▸ What to do
In the entries that follow, how many lines hold the string "this"? Give only that number.

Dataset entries

lemma projection_function_derivative_split:
  assumes proj: "projection_function Q Pr" and "q \<in> Q" and a: "a \<in> tangent_space Q q"
  shows "(Pr q o\<^sub>L dPi Pr q a) + (dPi Pr q a o\<^sub>L Pr q) = dPi Pr q a"
proof -
  obtain \<gamma> :: "real \<Rightarrow> 'a" and \<epsilon> where \<gamma>: "\<epsilon> > 0" "\<gamma> ` ball 0 \<epsilon> \<subseteq> Q" "\<gamma> 0 = q"
      "(\<gamma> has_vector_derivative a) (at 0)"
    using a unfolding tangent_space_def by blast
  have "(Pr \<circ> \<gamma> has_derivative dPi Pr q \<circ> (\<lambda>t. t *\<^sub>R a)) (at 0)"
    using \<gamma>(3,4) projection_function_has_derivative[OF proj assms(2)]
    by (intro diff_chain_at) (simp_all add: has_vector_derivative_def)
  then have curve: "((\<lambda>t. Pr (\<gamma> t)) has_derivative (\<lambda>t. dPi Pr q (t *\<^sub>R a))) (at 0)"
    by (simp add: o_def)
  have idem: "Pr (\<gamma> t) o\<^sub>L Pr (\<gamma> t) = Pr (\<gamma> t)" if "t \<in> ball 0 \<epsilon>" for t
    using proj \<gamma>(2) that unfolding projection_function_def by blast
  have "((\<lambda>t. Pr (\<gamma> t)) has_derivative
      (\<lambda>t. (Pr q o\<^sub>L dPi Pr q (t *\<^sub>R a)) + (dPi Pr q (t *\<^sub>R a) o\<^sub>L Pr q))) (at 0)"
  proof (rule has_derivative_transform_within_open[where s="ball 0 \<epsilon>"])
    show "((\<lambda>t. Pr (\<gamma> t) o\<^sub>L Pr (\<gamma> t)) has_derivative
        (\<lambda>t. (Pr q o\<^sub>L dPi Pr q (t *\<^sub>R a)) + (dPi Pr q (t *\<^sub>R a) o\<^sub>L Pr q))) (at 0)"
      using bounded_bilinear.FDERIV[OF bounded_bilinear_blinfun_compose curve curve] \<gamma>(3) by simp
  qed (use \<gamma>(1) idem in auto)
  from fun_cong[OF has_derivative_unique[OF this curve], of 1] show ?thesis
    by simp
qed

lemma emap_pair:
  "emap Q Pr q p (a, b) = (Pr q b, transp (dPi Pr q (Pr q b)) p - transp (Pr q) (a + raise Q Pr q p b))"
  by (simp add: emap_def Let_def)

locale cotangent_point =
  fixes Q :: "'a::euclidean_space set" and Pr :: "'a \<Rightarrow> ('a \<Rightarrow>\<^sub>L 'a)" and q p :: 'a
  assumes proj: "projection_function Q Pr" and base: "q \<in> Q" and covector: "transp (Pr q) p = p"
begin

abbreviation "P \<equiv> Pr q"
abbreviation "T \<equiv> tangent_space Q q"
abbreviation "D \<equiv> dPi Pr q"

lemma P_idem: "P (P x) = P x"
  using proj base unfolding projection_function_def by (metis blinfun_apply_blinfun_compose)

lemma transp_P_idem: "transp P (transp P x) = transp P x"
  by (rule transp_idem) (rule P_idem)

lemma tangent_space_eq_range: "T = range (blinfun_apply P)"
  using proj base unfolding projection_function_def by blast

lemma tangent_space_iff: "x \<in> T \<longleftrightarrow> P x = x"
proof
  assume "x \<in> T"
  then obtain y where "x = P y" unfolding tangent_space_eq_range by blast
  then show "P x = x" by (simp add: P_idem)
qed (unfold tangent_space_eq_range, metis rangeI)

lemma subspace_tangent_space: "subspace T"
  unfolding tangent_space_eq_range
  by (simp add: linear_subspace_image bounded_linear.linear blinfun.bounded_linear_right)

lemma bounded_linear_D: "bounded_linear D"
  using projection_function_has_derivative[OF proj base] has_derivative_bounded_linear by blast

lemma transp_D_diff: "transp (D (a - b)) p = transp (D a) p - transp (D b) p"
  by (rule inner_eq_leftI)
     (simp add: inner_transp_right linear_diff[OF bounded_linear.linear[OF bounded_linear_D]]
       blinfun.diff_left inner_diff_left inner_diff_right)

lemma covector_D_tangent:
  assumes "a \<in> T" "b \<in> T"
  shows "p \<bullet> D a b = 0"
proof -
  have "P (D a (P x)) + D a (P (P x)) = D a (P x)" for x
    using arg_cong[OF projection_function_derivative_split[OF proj base assms(1)],
        of "\<lambda>A. blinfun_apply A (P x)"]
    by (simp add: blinfun.add_left)
  then have "P (D a (P b)) = 0"
    by (simp add: P_idem)
  moreover have "p \<bullet> D a b = transp P p \<bullet> D a (P b)"
    using covector assms(2) tangent_space_iff by simp
  ultimately show ?thesis
    by (simp add: inner_transp_left)
qed

lemma raise_char:
  "raise Q Pr q p h \<in> T \<and> (\<forall>\<Delta>\<in>T. \<Delta> \<bullet> raise Q Pr q p h = h \<bullet> transp (D \<Delta>) p)"
  unfolding raise_def
proof (rule theI')
  define g where "g = (THE g. \<forall>\<Delta>. D \<Delta> h \<bullet> p = g \<bullet> \<Delta>)"
  have "linear (\<lambda>\<Delta>. D \<Delta> h \<bullet> p)"
    using bounded_linear.linear[OF bounded_linear_D]
    by (intro linearI) (simp_all add: linear_add linear_scale blinfun.add_left
        blinfun.scaleR_left inner_add_left)
  then have g: "D \<Delta> h \<bullet> p = g \<bullet> \<Delta>" for \<Delta>
    unfolding g_def by (rule riesz_representative)
  \<comment> \<open>The representer is the orthogonal projection onto \<open>T\<close> of the Riesz vector \<open>g\<close>.\<close>
  obtain y z where yz: "y \<in> span T" "\<And>w. w \<in> span T \<Longrightarrow> orthogonal z w" "g = y + z"
    using orthogonal_subspace_decomp_exists by blast
  have y_represents: "\<Delta> \<bullet> y = h \<bullet> transp (D \<Delta>) p" if "\<Delta> \<in> T" for \<Delta>
    using yz(2)[OF span_base[OF that]] g[of \<Delta>] yz(3)
    by (simp add: orthogonal_def inner_add_right inner_commute inner_transp_right)
  have y_tangent: "y \<in> T"
    using yz(1) span_eq_iff subspace_tangent_space by blast
  show "\<exists>!\<Phi>. \<Phi> \<in> T \<and> (\<forall>\<Delta>\<in>T. \<Delta> \<bullet> \<Phi> = h \<bullet> transp (D \<Delta>) p)"
  proof (rule ex1I[of _ y])
    show "y \<in> T \<and> (\<forall>\<Delta>\<in>T. \<Delta> \<bullet> y = h \<bullet> transp (D \<Delta>) p)"
      using y_tangent y_represents by blast
  next
    fix x assume x: "x \<in> T \<and> (\<forall>\<Delta>\<in>T. \<Delta> \<bullet> x = h \<bullet> transp (D \<Delta>) p)"
    then have "x - y \<in> T"
      using y_tangent subspace_tangent_space subspace_diff by blast
    then have "(x - y) \<bullet> (x - y) = 0"
      using x y_represents by (simp add: inner_diff_right)
    then show "x = y" by simp
  qed
qed

lemma raise_tangent:
  assumes "a \<in> T"
  shows "raise Q Pr q p a = 0"
proof -
  let ?F = "raise Q Pr q p a"
  have "?F \<in> T" using raise_char by blast
  then have "?F \<bullet> ?F = p \<bullet> D ?F a"
    using raise_char by (simp add: inner_transp_right inner_commute)
  then show ?thesis
    using covector_D_tangent[OF \<open>?F \<in> T\<close> assms] by simp
qed

lemma emap_fst: "fst (emap Q Pr q p h) = P (snd h)"
  by (cases h) (simp add: emap_pair)

lemma emap_snd:
  "snd (emap Q Pr q p h) = transp (D (P (snd h))) p - transp P (fst h + raise Q Pr q p (snd h))"
  by (cases h) (simp add: emap_pair)

lemma TTstar_iff:
  "\<xi> \<in> TTstar Q Pr q p \<longleftrightarrow> fst \<xi> \<in> T \<and> snd \<xi> = transp P (snd \<xi>) + transp (D (fst \<xi>)) p"
  by (cases \<xi>) (simp add: TTstar_def)

lemma emap_in_TTstar: "emap Q Pr q p h \<in> TTstar Q Pr q p"
proof -
  let ?u = "P (snd h)"
  have u: "?u \<in> T" using tangent_space_iff P_idem by simp
  have "snd (emap Q Pr q p h) = transp P (snd (emap Q Pr q p h)) + transp (D ?u) p"
  proof (rule inner_eq_leftI)
    fix x
    have "D ?u (P x) \<bullet> p = 0"
      using covector_D_tangent[OF u, of "P x"] tangent_space_iff P_idem by (simp add: inner_commute)
    then show "x \<bullet> snd (emap Q Pr q p h)
        = x \<bullet> (transp P (snd (emap Q Pr q p h)) + transp (D ?u) p)"
      by (simp add: emap_snd inner_transp_right inner_diff_right inner_add_right P_idem)
  qed
  with u show ?thesis
    by (simp add: TTstar_iff emap_fst)
qed

lemma emap_symplectic:
  assumes "\<xi> \<in> TTstar Q Pr q p"
  shows "fst h \<bullet> fst \<xi> + snd h \<bullet> snd \<xi> = Omega (emap Q Pr q p h) \<xi>"
proof -
  obtain a b where \<xi>: "\<xi> = (a, b)" by (cases \<xi>)
  have a: "a \<in> T" and b: "transp P b = b - transp (D a) p"
    using assms \<xi> TTstar_iff by (auto simp: algebra_simps)
  let ?u = "P (snd h)" and ?F = "raise Q Pr q p (snd h)"
  have "?u \<bullet> b = snd h \<bullet> b - snd h \<bullet> transp (D a) p"
    using b by (simp flip: inner_transp_right add: inner_diff_right)
  moreover have "?F \<bullet> a = snd h \<bullet> transp (D a) p"
    using raise_char a by (simp add: inner_commute)
  moreover have "p \<bullet> D ?u a = 0"
    using covector_D_tangent[OF _ a, of ?u] P_idem tangent_space_iff by simp
  moreover have "snd (emap Q Pr q p h) \<bullet> a = p \<bullet> D ?u a - fst h \<bullet> a - ?F \<bullet> a"
    using a tangent_space_iff
    by (simp add: emap_snd inner_diff_left inner_transp_left inner_add_left)
  ultimately show ?thesis
    using \<xi> by (simp add: Omega_def emap_fst)
qed

lemma emap_inverse_in_TstarTstar:
  assumes "e \<in> TTstar Q Pr q p"
  shows "(- transp P (snd e), fst e) \<in> TstarTstar Pr q"
proof -
  have "P (fst e) = fst e"
    using assms TTstar_iff tangent_space_iff by blast
  then show ?thesis
    by (simp add: TstarTstar_def transp_P_idem linear_neg[OF linear_transp])
qed

lemma emap_emap_inverse:
  assumes "e \<in> TTstar Q Pr q p"
  shows "emap Q Pr q p (- transp P (snd e), fst e) = e"
proof -
  have a: "fst e \<in> T" and b: "snd e = transp P (snd e) + transp (D (fst e)) p"
    using assms TTstar_iff by auto
  then have "P (fst e) = fst e" using tangent_space_iff by simp
  moreover from b have "transp (D (fst e)) p + transp P (snd e) = snd e"
    by (simp add: add.commute)
  ultimately show ?thesis
    using a
    by (simp add: prod_eq_iff emap_fst emap_snd raise_tangent transp_P_idem
        linear_neg[OF linear_transp])
qed

lemma emap_inverse_emap:
  assumes "h \<in> TstarTstar Pr q"
  shows "(- transp P (snd (emap Q Pr q p h)), fst (emap Q Pr q p h)) = h"
proof -
  obtain a b where h: "h = (a, b)" by (cases h)
  have a: "transp P a = a" and b: "P b = b"
    using assms h by (auto simp: TstarTstar_def)
  then have bT: "b \<in> T" using tangent_space_iff by simp
  have "transp P (transp (D b) p) = 0"
    by (rule inner_eq_leftI)
       (simp add: inner_transp_right covector_D_tangent[OF bT] inner_commute tangent_space_iff P_idem)
  then show ?thesis
    using h a b by (simp add: emap_fst emap_snd raise_tangent[OF bT] linear_diff[OF linear_transp])
qed

lemma bij_betw_emap: "bij_betw (emap Q Pr q p) (TstarTstar Pr q) (TTstar Q Pr q p)"
  by (rule bij_betw_byWitness[where f'="\<lambda>e. (- transp P (snd e), fst e)"])
     (simp_all add: emap_inverse_emap emap_emap_inverse emap_in_TTstar emap_inverse_in_TstarTstar
       image_subset_iff)

lemma Omega_nondegenerate:
  assumes v: "v \<in> TTstar Q Pr q p" and null: "\<forall>w\<in>TTstar Q Pr q p. Omega v w = 0"
  shows "v = 0"
proof -
  have a: "fst v \<in> T" and b: "snd v = transp P (snd v) + transp (D (fst v)) p"
    using v TTstar_iff by auto
  have test: "fst k \<bullet> fst v + snd k \<bullet> snd v = 0" if "k \<in> TstarTstar Pr q" for k
    using emap_symplectic[OF v, of k] null emap_in_TTstar
    by (simp add: Omega_def inner_commute)
  have "(transp P (fst v), 0) \<in> TstarTstar Pr q"
    by (simp add: TstarTstar_def transp_P_idem)
  from test[OF this] have q0: "fst v = 0"
    using a tangent_space_iff by (simp add: inner_transp_left)
  have "(0, P (snd v)) \<in> TstarTstar Pr q"
    by (simp add: TstarTstar_def P_idem linear_0[OF linear_transp])
  from test[OF this] have "snd v \<bullet> transp P (snd v) = 0"
    by (simp add: inner_transp_right)
  moreover have "transp P (snd v) = snd v"
    using b q0 linear_0[OF bounded_linear.linear[OF bounded_linear_D]] by (simp add: transp_zero)
  ultimately show ?thesis
    using q0 by (simp add: prod_eq_iff)
qed

lemma TTstar_diff:
  assumes "v \<in> TTstar Q Pr q p" "w \<in> TTstar Q Pr q p"
  shows "v - w \<in> TTstar Q Pr q p"
  using assms subspace_diff[OF subspace_tangent_space]
  by (simp add: TTstar_iff transp_D_diff linear_diff[OF linear_transp]) (metis add_diff_add)

lemma emap_unique:
  assumes v: "v \<in> TTstar Q Pr q p"
    and "\<forall>\<xi>\<in>TTstar Q Pr q p. fst h \<bullet> fst \<xi> + snd h \<bullet> snd \<xi> = Omega v \<xi>"
  shows "v = emap Q Pr q p h"
proof -
  have "Omega (v - emap Q Pr q p h) w = 0" if "w \<in> TTstar Q Pr q p" for w
    using assms(2) that emap_symplectic[OF that, of h] by (simp add: Omega_def inner_diff_left)
  then show ?thesis
    using Omega_nondegenerate[OF TTstar_diff[OF v emap_in_TTstar]] by simp
qed

end

lemma cotangent_pointI:
  "projection_function Q Pr \<Longrightarrow> (q, p) \<in> cotangent_bundle Q Pr \<Longrightarrow> cotangent_point Q Pr q p"
  by unfold_locales (auto simp: cotangent_bundle_def)

lemma frechet_derivative_partial_gradients:
  fixes H :: "'a::euclidean_space \<times> 'a \<Rightarrow> real"
  assumes "H differentiable (at z)"
  shows "frechet_derivative H (at z) y = grad_q H z \<bullet> fst y + grad_p H z \<bullet> snd y"
proof -
  let ?L = "frechet_derivative H (at z)"
  have L: "bounded_linear ?L"
    using assms frechet_derivative_works has_derivative_bounded_linear by blast
  have "bounded_linear (\<lambda>v. ?L (v, 0))" "bounded_linear (\<lambda>v. ?L (0, v))"
    by (intro bounded_linear_compose[OF L] bounded_linear_Pair bounded_linear_ident
        bounded_linear_zero)+
  then have "linear (\<lambda>v. ?L (v, 0))" "linear (\<lambda>v. ?L (0, v))"
    by (simp_all add: bounded_linear.linear)
  then have "?L (fst y, 0) = grad_q H z \<bullet> fst y" "?L (0, snd y) = grad_p H z \<bullet> snd y"
    unfolding grad_q_def grad_p_def by (simp_all add: riesz_representative[symmetric])
  moreover have "?L y = ?L (fst y, 0) + ?L (0, snd y)"
    using linear_add[OF bounded_linear.linear[OF L], of "(fst y, 0)" "(0, snd y)"] by simp
  ultimately show ?thesis by simp
qed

▸ Solution
3